═══ DATASET RECORDS
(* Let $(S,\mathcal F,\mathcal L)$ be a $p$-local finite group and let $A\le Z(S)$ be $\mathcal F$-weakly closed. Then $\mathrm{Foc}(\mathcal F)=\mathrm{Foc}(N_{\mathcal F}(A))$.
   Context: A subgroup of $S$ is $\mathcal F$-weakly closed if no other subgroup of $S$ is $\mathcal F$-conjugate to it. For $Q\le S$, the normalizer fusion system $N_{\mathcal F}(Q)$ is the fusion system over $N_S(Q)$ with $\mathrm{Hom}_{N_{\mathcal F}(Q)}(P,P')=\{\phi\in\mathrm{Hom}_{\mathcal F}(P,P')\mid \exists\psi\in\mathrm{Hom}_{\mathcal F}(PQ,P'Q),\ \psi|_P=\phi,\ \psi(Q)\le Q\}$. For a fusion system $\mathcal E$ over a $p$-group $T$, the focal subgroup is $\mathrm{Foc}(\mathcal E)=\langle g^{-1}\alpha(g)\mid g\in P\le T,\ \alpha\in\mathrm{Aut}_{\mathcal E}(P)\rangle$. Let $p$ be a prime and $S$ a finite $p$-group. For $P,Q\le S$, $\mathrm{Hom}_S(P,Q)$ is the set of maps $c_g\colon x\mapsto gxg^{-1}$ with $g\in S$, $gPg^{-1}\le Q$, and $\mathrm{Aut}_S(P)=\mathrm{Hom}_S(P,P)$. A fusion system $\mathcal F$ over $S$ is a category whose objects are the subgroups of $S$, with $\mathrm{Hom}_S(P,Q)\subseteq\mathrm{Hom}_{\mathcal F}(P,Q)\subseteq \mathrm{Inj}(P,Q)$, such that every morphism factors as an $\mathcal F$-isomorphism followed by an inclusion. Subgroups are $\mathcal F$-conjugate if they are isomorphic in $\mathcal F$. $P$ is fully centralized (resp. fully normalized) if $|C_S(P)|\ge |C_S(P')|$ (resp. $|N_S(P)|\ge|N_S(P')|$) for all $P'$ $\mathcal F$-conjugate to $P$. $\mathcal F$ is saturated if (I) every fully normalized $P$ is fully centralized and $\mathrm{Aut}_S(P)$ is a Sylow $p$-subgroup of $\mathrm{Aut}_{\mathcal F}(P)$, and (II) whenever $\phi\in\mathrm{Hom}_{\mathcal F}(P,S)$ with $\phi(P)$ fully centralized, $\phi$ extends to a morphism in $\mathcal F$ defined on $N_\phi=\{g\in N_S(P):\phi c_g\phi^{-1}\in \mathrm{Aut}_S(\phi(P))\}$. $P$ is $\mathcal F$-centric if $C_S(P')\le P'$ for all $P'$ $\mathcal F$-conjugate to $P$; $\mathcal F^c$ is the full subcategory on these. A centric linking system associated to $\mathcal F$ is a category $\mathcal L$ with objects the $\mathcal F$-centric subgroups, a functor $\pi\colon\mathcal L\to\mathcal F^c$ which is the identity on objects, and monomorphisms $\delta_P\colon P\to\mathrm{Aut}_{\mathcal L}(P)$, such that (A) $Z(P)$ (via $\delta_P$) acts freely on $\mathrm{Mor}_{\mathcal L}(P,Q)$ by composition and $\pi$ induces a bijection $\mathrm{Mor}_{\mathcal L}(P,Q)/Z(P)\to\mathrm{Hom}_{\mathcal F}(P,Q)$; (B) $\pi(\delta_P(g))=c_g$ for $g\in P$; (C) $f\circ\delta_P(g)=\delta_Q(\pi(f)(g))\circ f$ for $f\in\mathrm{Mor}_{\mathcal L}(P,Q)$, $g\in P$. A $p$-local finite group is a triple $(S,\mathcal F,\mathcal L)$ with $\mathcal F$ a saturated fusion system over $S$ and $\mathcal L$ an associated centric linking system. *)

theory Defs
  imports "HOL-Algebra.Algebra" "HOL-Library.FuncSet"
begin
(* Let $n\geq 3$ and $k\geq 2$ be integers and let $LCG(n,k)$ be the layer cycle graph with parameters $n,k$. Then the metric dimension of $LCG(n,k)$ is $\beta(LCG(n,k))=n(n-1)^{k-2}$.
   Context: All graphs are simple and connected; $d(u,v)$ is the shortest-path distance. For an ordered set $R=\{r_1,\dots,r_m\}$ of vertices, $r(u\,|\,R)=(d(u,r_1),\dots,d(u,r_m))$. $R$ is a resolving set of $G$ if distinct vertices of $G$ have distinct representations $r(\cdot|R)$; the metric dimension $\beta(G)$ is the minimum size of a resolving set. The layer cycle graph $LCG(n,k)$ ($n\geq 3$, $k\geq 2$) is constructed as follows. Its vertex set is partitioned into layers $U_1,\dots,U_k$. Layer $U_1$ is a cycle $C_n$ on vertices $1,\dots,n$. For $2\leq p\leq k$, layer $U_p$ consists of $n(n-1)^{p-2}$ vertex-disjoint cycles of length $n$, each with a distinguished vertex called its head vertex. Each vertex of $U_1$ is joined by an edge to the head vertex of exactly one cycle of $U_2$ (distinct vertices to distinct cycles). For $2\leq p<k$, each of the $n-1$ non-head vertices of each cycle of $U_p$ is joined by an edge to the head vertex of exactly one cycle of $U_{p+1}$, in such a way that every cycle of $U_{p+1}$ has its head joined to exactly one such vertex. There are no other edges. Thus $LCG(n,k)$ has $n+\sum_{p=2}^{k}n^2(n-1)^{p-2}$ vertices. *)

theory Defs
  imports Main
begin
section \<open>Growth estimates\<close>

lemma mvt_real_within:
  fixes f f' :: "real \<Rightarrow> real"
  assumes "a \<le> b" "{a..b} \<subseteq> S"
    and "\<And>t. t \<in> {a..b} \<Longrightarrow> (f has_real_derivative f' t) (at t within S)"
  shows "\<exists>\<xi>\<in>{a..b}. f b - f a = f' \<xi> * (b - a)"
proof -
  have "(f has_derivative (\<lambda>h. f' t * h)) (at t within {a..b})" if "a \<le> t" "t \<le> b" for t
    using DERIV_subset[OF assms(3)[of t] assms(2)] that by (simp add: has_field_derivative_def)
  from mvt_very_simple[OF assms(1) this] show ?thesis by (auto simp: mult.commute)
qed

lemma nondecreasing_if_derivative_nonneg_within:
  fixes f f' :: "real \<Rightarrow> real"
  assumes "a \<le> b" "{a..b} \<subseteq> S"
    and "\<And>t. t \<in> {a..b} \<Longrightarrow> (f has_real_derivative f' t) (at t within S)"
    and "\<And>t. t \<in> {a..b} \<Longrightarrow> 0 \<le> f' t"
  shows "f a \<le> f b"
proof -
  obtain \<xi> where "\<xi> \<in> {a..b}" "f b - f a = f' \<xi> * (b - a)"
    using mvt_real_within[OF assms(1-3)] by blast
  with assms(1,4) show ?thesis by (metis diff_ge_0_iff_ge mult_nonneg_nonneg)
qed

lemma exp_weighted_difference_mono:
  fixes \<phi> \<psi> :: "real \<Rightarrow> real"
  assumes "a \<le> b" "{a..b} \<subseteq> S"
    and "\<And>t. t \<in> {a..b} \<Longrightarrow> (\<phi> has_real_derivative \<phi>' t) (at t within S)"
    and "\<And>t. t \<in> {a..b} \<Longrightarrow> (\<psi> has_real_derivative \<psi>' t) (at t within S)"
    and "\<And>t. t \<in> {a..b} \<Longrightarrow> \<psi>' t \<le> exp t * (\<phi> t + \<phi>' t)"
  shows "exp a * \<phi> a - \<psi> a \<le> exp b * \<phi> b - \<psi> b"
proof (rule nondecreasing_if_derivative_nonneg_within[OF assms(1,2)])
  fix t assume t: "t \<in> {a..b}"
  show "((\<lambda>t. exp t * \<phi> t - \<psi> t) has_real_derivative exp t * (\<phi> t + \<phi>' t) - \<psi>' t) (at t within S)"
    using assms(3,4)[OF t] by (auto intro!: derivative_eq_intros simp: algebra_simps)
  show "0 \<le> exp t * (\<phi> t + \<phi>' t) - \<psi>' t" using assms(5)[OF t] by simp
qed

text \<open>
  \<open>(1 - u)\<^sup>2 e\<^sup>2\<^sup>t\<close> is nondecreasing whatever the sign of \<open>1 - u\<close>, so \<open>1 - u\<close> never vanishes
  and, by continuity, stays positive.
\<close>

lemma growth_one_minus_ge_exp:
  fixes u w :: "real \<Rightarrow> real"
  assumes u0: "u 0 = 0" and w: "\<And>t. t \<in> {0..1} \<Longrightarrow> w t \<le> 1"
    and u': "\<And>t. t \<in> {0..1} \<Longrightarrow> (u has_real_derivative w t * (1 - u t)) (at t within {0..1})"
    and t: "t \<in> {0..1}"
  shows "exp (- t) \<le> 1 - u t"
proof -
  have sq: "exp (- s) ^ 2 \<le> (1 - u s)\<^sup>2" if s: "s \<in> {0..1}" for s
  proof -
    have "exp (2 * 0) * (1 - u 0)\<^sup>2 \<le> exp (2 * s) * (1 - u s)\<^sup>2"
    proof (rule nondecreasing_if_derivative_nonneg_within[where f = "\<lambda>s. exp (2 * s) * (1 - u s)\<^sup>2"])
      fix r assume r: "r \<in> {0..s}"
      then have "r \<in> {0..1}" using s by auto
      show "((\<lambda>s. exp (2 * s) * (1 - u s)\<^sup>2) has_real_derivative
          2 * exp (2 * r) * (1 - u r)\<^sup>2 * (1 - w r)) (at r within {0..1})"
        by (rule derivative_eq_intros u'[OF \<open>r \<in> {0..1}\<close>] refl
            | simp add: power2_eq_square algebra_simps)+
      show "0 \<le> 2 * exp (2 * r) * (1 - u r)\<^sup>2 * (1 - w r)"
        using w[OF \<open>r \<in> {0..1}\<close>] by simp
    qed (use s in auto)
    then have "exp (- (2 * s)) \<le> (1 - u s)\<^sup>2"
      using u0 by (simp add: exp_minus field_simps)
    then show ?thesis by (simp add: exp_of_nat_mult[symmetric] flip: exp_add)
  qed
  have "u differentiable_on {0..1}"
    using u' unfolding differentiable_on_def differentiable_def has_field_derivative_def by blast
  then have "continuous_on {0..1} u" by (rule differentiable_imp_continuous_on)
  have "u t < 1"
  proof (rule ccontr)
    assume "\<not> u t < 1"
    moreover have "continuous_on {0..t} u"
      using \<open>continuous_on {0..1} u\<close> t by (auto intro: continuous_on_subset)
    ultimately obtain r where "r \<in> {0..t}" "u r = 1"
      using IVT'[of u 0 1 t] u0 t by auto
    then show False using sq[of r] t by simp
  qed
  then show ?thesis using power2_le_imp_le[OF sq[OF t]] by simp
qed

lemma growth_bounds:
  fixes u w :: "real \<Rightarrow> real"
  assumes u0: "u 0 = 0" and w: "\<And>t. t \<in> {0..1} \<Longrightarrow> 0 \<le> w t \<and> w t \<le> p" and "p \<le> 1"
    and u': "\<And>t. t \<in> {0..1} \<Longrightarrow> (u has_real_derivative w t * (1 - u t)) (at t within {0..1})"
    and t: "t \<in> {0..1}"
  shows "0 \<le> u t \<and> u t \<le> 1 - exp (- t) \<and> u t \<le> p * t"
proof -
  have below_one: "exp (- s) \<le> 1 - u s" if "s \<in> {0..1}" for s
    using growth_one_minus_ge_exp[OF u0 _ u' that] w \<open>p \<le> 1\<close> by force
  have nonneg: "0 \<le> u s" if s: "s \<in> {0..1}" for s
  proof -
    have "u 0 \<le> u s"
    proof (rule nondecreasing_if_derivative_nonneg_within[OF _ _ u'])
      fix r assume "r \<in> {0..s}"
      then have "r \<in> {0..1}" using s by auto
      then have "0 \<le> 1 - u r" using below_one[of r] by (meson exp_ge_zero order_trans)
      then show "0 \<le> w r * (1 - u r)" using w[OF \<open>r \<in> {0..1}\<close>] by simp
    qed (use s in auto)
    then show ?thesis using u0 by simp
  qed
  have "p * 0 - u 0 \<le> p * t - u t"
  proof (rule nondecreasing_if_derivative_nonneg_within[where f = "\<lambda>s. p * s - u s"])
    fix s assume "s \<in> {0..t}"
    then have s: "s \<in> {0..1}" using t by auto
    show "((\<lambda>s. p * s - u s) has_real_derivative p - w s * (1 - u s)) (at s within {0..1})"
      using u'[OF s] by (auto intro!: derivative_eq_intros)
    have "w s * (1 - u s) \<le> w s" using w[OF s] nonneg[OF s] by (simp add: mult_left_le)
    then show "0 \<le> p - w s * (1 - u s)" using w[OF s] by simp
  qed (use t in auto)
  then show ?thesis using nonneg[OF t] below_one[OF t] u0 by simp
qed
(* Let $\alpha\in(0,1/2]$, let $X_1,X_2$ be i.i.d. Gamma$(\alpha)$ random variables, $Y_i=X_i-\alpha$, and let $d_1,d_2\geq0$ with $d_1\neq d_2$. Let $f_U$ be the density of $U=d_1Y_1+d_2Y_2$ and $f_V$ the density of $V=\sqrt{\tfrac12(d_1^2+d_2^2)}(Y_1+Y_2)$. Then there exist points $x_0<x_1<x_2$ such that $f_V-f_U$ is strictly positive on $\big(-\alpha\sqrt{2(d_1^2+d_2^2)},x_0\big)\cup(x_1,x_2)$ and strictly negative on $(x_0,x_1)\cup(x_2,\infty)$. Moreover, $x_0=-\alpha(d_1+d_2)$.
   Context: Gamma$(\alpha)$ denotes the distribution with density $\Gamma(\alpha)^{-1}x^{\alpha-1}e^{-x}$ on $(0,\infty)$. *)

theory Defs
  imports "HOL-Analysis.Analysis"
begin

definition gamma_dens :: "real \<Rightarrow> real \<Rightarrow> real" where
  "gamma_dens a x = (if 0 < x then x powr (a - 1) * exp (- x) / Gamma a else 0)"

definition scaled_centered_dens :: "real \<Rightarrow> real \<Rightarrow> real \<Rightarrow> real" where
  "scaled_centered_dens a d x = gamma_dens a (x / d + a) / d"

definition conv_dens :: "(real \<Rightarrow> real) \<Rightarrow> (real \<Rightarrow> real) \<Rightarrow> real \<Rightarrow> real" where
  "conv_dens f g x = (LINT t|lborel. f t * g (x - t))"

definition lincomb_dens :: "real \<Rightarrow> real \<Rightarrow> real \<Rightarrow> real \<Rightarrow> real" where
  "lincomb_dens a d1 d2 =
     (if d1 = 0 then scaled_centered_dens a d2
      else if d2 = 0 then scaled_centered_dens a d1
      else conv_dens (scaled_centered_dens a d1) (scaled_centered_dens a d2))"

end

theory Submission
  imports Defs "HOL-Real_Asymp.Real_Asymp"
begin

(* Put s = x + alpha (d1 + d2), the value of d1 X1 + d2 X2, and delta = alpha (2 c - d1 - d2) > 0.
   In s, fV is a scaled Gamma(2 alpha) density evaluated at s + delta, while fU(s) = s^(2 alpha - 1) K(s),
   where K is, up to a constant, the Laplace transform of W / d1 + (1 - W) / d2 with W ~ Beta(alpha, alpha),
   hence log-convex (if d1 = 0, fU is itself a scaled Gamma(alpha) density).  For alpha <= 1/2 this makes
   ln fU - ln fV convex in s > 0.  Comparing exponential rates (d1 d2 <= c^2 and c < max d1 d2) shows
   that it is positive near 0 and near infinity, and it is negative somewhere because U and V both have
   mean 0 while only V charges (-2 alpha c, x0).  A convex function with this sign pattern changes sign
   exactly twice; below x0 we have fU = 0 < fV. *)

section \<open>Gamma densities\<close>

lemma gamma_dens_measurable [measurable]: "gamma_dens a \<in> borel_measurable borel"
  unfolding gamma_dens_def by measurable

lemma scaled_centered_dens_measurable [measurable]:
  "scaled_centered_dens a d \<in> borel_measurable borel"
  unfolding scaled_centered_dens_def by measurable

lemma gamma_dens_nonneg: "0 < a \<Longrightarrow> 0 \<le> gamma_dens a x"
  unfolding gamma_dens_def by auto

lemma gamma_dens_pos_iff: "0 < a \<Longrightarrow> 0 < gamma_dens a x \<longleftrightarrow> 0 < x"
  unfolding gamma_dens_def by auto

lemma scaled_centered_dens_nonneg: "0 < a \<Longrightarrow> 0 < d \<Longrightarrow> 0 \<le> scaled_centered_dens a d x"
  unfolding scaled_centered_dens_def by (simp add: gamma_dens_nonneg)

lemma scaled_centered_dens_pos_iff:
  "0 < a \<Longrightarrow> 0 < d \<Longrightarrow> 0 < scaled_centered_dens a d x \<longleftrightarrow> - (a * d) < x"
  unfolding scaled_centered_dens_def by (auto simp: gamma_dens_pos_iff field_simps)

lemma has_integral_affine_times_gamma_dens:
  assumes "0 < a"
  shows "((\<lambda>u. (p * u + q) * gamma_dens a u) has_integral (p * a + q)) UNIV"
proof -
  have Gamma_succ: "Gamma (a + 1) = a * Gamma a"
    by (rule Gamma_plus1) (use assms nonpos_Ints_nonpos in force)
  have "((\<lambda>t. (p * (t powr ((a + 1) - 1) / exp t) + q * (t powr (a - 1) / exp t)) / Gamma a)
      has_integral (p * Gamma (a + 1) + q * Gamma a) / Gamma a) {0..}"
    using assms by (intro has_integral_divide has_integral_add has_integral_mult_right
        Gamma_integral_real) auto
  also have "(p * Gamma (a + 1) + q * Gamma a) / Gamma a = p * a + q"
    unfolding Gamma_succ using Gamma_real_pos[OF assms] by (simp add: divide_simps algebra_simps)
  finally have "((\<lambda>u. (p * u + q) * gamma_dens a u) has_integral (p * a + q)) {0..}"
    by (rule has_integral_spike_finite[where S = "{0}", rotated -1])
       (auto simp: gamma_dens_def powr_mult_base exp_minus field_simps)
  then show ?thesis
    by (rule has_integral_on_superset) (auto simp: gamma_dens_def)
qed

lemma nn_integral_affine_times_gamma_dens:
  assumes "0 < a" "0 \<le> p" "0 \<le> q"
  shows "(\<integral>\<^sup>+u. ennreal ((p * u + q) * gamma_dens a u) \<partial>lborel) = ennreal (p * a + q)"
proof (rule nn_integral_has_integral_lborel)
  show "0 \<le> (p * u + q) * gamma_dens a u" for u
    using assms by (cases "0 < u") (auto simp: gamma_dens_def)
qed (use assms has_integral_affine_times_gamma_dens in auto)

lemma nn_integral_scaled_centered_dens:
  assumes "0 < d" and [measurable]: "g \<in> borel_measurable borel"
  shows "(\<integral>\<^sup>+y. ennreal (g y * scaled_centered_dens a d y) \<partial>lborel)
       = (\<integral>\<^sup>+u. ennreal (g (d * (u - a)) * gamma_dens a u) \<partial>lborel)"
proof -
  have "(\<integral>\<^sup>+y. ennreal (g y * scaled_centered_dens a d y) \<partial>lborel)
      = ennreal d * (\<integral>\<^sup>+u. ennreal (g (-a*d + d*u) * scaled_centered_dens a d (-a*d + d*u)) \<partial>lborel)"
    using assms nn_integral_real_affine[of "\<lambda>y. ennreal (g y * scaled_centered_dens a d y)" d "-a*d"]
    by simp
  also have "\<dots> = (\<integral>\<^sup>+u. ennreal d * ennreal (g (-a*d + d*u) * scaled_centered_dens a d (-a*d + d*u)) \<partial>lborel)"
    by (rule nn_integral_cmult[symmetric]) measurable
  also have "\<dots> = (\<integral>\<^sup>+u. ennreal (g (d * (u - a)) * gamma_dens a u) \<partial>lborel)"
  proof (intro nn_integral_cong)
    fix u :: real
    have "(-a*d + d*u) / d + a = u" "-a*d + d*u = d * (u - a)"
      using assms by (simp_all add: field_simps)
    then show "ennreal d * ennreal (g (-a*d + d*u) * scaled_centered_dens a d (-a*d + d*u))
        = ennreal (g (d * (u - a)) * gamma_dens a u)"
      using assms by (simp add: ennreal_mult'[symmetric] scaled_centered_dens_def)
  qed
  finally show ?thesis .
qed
══════
The exercise is to copy out every line above that has the word "also" in it.

  also have "(p * Gamma (a + 1) + q * Gamma a) / Gamma a = p * a + q"
  also have "\<dots> = (\<integral>\<^sup>+u. ennreal d * ennreal (g (-a*d + d*u) * scaled_centered_dens a d (-a*d + d*u)) \<partial>lborel)"
  also have "\<dots> = (\<integral>\<^sup>+u. ennreal (g (d * (u - a)) * gamma_dens a u) \<partial>lborel)"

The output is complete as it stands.